Internship Report > Worklog - AWS Learning Journey > Week 10 - Transfer Learning, BERT & T5 > Day 50 - Fine-Tuning Practice

Day 50 - Fine-Tuning Practice

Date: 2025-11-14 (Friday)
Status: “Done”

Fine-Tuning Recipes

Today focuses on practical knobs: which layers to freeze, how to schedule learning rates, and how to evaluate transfer setups.

Freezing vs.
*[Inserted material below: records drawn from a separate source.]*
lemma transfer_RHS_eq_btrace:
  fixes q s :: complex and n1 n2 n3 :: nat
  defines "J \<equiv> Jset (n1, n2, n3)"
  defines "E2 \<equiv> \<lambda>A. orestrict J (emb2 A)" and "E3 \<equiv> \<lambda>A. orestrict J (emb3 A)"
  assumes "s \<noteq> 0" and "s ^ 2 = q" and "u \<in> J" and "v \<in> J"
  shows "transfer_RHS q s (n1, n2, n3) u v
       = btrace (bmult J (bmult J (Lplus_block q s E2 n2) (bmult J (Lplus_block q s E3 n3)
            (bmult J (Lminus_block q s E3 n3) (Lminus_block q s E2 n2))))
          (block2 (osc q (oid J)) (\<lambda>_ _. 0) (\<lambda>_ _. 0) (osc (inverse q) (oid J)))) u v"
    (is "_ = btrace (bmult J ?X ?D) u v")
proof -
  define I where "I = Aset (n1, n2, n3)"
  define E1 where "E1 = (\<lambda>A. orestrict J (emb1 A))"
  define J23 where "J23 = {0..n2} \<times> {0..n3}"
  define Y where "Y = bmult J23 (Lplus_block q s (\<lambda>A. otensor (orestrict {0..n2} A) (oid {0..n3})) n2)
    (bmult J23 (Lplus_block q s (\<lambda>A. otensor (oid {0..n2}) (orestrict {0..n3} A)) n3)
    (bmult J23 (Lminus_block q s (\<lambda>A. otensor (oid {0..n2}) (orestrict {0..n3} A)) n3)
               (Lminus_block q s (\<lambda>A. otensor (orestrict {0..n2} A) (oid {0..n3})) n2)))"
  have I: "I = {0..1} \<times> J" and J: "J = {0..n1} \<times> J23"
    by (simp_all add: I_def J_def J23_def Aset_def Jset_def)
  have fin: "finite J23"
    by (simp add: J23_def)
  have "transfer_RHS q s (n1, n2, n3) u v
      = orestrict J (trA (omult I (Lplus q s emb1 n1)
          (omult I (omult I (Lplus q s emb2 n2) (omult I (Lplus q s emb3 n3)
                     (omult I (Lminus q s emb3 n3) (Lminus q s emb2 n2))))
            (omult I (oinv I (Lplus q s emb1 n1)) (Ma q))))) u v"
    using assms(6,7) by (simp add: transfer_RHS_def Let_def I_def omult_assoc orestrict_def)
  also have "\<dots> = trA (orestrict I (omult I (Lplus q s emb1 n1)
          (omult I (omult I (Lplus q s emb2 n2) (omult I (Lplus q s emb3 n3)
                     (omult I (Lminus q s emb3 n3) (Lminus q s emb2 n2))))
            (omult I (oinv I (Lplus q s emb1 n1)) (Ma q))))) u v"
    by (simp only: orestrict_trA I)
  also have "\<dots> = btrace (bmult J (Lplus_block q s E1 n1) (bmult J ?X (bmult J (Lplus_inv_block q s E1 n1) ?D))) u v"
    unfolding oinv_Lplus_emb1[OF assms(4,5), of n1 n2 n3, folded I_def J_def]
    unfolding I orestrict_omult
    unfolding Lplus_aux Lminus_aux
    unfolding orestrict_aux_Lplus_block orestrict_aux_Lminus_block orestrict_aux_Lplus_inv_block orestrict_Ma
    unfolding omult_aux trA_aux
    by (simp add: orestrict_idem E1_def E2_def E3_def)
  also have "\<dots> = btrace (bmult J ?X ?D) u v"
  proof -
    have "Lplus_block q s E1 n1 = (\<lambda>a b. otensor (Lplus_block q s (orestrict {0..n1}) n1 a b) (oid J23))"
      "Lplus_inv_block q s E1 n1 = (\<lambda>a b. otensor (Lplus_inv_block q s (orestrict {0..n1}) n1 a b) (oid J23))"
      by (simp_all add: E1_def J J23_def orestrict_emb1 Lplus_block_otensor_left Lplus_inv_block_otensor_left)
    moreover have "?X = (\<lambda>a b. otensor (oid {0..n1}) (Y a b))"
      by (simp add: E2_def E3_def J J23_def Y_def orestrict_emb2 orestrict_emb3
          Lplus_block_otensor_right Lminus_block_otensor_right bmult_oid_otensor)
    moreover have "orestrict J23 (Y a b) = Y a b" for a b
      by (simp add: Y_def J23_def orestrict_bmult Lplus_block_def Lminus_block_def orestrict_block2
          orestrict_otensor orestrict_idem orestrict_oid orestrict_osc orestrict_zero)
    ultimately show ?thesis
      using btrace_conjugate_Lplus[OF assms(4,5) fin, of Y n1] by (simp add: J)
  qed
  finally show ?thesis .
qed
Training

Freeze lower layers when data is small or domain is close to pre-training.
Unfreeze progressively (top -> bottom) if accuracy plateaus.
Add a task-specific head (classification, span QA, seq2seq) and start there.

Hyperparameter Basics

Learning rate: 1e-5 to 3e-5 for full encoder; slightly higher if mostly frozen.
Warmup steps: ~5% to 10% of total steps to stabilize early training.
Max sequence length: match task; chunk long docs for QA.

Evaluation Loop

Track loss + task metrics (EM/F1 for QA, ROUGE for summarization, accuracy/F1 for classification).
Early stop on dev set; keep best checkpoint, not just last.
Compare feature-based baseline vs. full fine-tune for a small subset.

Deployment Considerations

Distill or quantize for latency if accuracy holds.
Cache tokenizer and truncation rules to avoid drift between train and serve.
Log prompts/inputs to debug closed-book vs. context-based behaviors.

Practice Targets for Today

Run (or plan) a small grid: learning rate, freezing strategy, max length.
Evaluate on a held-out set and record EM/F1 or ROUGE.
Decide post-training steps: distillation, quantization, or caching.